For the entries that follow, restate word for word the line containing "p \<and> largest_part", the line containing "by (auto simp: is_partition_def)", and every line that lies between them.

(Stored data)

▼

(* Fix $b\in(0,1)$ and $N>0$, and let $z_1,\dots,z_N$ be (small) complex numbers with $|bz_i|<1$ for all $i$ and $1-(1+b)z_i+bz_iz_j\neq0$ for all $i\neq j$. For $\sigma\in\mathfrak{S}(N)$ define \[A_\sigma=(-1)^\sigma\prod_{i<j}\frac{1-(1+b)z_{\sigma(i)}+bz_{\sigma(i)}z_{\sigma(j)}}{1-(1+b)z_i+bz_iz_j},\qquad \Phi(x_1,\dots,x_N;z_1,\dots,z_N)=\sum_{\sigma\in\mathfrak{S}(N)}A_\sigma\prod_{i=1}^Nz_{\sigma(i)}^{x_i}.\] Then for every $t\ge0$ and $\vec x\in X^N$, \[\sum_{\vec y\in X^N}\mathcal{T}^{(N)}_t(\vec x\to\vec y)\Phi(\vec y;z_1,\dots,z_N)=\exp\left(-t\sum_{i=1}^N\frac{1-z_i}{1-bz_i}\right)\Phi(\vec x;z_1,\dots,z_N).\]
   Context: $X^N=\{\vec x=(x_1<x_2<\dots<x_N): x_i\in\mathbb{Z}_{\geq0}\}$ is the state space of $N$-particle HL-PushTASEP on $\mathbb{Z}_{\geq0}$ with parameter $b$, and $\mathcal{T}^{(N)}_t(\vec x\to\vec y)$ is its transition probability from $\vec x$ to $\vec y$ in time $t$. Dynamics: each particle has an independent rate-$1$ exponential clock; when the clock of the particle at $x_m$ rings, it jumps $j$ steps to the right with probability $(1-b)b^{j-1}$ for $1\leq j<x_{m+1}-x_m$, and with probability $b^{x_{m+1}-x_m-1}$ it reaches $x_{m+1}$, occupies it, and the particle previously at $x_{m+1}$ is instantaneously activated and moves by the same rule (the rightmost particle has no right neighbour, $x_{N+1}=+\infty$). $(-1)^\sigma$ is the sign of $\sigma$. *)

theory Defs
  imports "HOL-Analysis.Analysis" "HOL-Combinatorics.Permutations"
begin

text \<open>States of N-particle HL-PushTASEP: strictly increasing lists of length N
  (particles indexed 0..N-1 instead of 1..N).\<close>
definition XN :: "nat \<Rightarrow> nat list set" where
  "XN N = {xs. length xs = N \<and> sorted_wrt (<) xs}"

▲
▼

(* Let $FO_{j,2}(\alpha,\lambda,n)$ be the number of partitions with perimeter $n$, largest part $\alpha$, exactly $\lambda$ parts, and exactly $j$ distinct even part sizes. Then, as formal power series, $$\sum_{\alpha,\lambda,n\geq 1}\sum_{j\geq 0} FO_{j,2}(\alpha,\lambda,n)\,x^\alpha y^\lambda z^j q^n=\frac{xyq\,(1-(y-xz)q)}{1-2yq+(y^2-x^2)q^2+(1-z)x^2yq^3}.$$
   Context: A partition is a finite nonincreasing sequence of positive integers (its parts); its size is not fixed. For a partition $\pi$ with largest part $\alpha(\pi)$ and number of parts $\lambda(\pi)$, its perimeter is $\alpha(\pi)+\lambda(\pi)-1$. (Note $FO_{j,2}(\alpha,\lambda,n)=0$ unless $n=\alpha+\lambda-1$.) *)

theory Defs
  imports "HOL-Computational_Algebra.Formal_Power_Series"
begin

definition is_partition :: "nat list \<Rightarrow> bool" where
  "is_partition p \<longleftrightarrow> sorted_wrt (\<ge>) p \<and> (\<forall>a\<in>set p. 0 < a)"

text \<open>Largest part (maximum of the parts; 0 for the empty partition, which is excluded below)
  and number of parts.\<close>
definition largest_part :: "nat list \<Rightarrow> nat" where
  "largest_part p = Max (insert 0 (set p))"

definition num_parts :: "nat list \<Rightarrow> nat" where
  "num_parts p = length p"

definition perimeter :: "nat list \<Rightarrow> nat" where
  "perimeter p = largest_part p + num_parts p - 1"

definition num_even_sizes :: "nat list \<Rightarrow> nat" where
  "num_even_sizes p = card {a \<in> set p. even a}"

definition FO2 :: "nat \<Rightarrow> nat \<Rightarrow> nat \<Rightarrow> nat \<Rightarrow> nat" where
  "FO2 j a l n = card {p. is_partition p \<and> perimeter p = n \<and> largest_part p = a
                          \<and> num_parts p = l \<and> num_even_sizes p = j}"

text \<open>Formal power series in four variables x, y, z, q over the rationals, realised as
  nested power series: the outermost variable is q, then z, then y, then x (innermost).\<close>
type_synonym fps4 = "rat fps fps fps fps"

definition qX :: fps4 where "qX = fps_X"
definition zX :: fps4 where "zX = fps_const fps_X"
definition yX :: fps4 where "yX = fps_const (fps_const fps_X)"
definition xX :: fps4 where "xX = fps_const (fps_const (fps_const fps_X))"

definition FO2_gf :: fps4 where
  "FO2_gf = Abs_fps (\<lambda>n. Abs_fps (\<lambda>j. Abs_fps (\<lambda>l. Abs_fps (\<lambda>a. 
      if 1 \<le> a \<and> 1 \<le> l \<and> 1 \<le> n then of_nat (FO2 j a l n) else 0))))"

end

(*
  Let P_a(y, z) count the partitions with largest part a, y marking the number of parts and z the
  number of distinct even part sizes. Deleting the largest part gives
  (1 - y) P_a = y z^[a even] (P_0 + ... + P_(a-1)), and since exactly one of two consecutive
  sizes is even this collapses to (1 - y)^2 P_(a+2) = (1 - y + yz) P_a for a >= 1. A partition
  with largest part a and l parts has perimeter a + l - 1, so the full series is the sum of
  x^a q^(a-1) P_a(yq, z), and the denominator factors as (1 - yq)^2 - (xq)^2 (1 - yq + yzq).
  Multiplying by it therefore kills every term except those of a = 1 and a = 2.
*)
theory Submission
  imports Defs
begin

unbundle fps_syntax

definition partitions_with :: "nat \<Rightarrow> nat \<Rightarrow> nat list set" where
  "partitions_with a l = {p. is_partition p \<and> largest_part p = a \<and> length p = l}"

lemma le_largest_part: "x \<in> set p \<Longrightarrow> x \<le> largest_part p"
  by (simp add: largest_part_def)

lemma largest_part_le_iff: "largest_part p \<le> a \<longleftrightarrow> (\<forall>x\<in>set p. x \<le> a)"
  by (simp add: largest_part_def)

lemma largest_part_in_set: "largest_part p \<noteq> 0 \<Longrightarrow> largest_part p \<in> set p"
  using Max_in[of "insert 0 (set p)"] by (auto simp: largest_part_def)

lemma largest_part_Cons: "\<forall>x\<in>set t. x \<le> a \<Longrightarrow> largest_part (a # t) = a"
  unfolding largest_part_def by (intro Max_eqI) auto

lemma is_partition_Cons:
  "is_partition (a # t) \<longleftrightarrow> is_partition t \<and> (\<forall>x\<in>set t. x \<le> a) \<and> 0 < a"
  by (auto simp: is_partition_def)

▲

ANSWER TO THE EXERCISE.
  "partitions_with a l = {p. is_partition p \<and> largest_part p = a \<and> length p = l}"

lemma le_largest_part: "x \<in> set p \<Longrightarrow> x \<le> largest_part p"
  by (simp add: largest_part_def)

lemma largest_part_le_iff: "largest_part p \<le> a \<longleftrightarrow> (\<forall>x\<in>set p. x \<le> a)"
  by (simp add: largest_part_def)

lemma largest_part_in_set: "largest_part p \<noteq> 0 \<Longrightarrow> largest_part p \<in> set p"
  using Max_in[of "insert 0 (set p)"] by (auto simp: largest_part_def)

lemma largest_part_Cons: "\<forall>x\<in>set t. x \<le> a \<Longrightarrow> largest_part (a # t) = a"
  unfolding largest_part_def by (intro Max_eqI) auto

lemma is_partition_Cons:
  "is_partition (a # t) \<longleftrightarrow> is_partition t \<and> (\<forall>x\<in>set t. x \<le> a) \<and> 0 < a"
  by (auto simp: is_partition_def)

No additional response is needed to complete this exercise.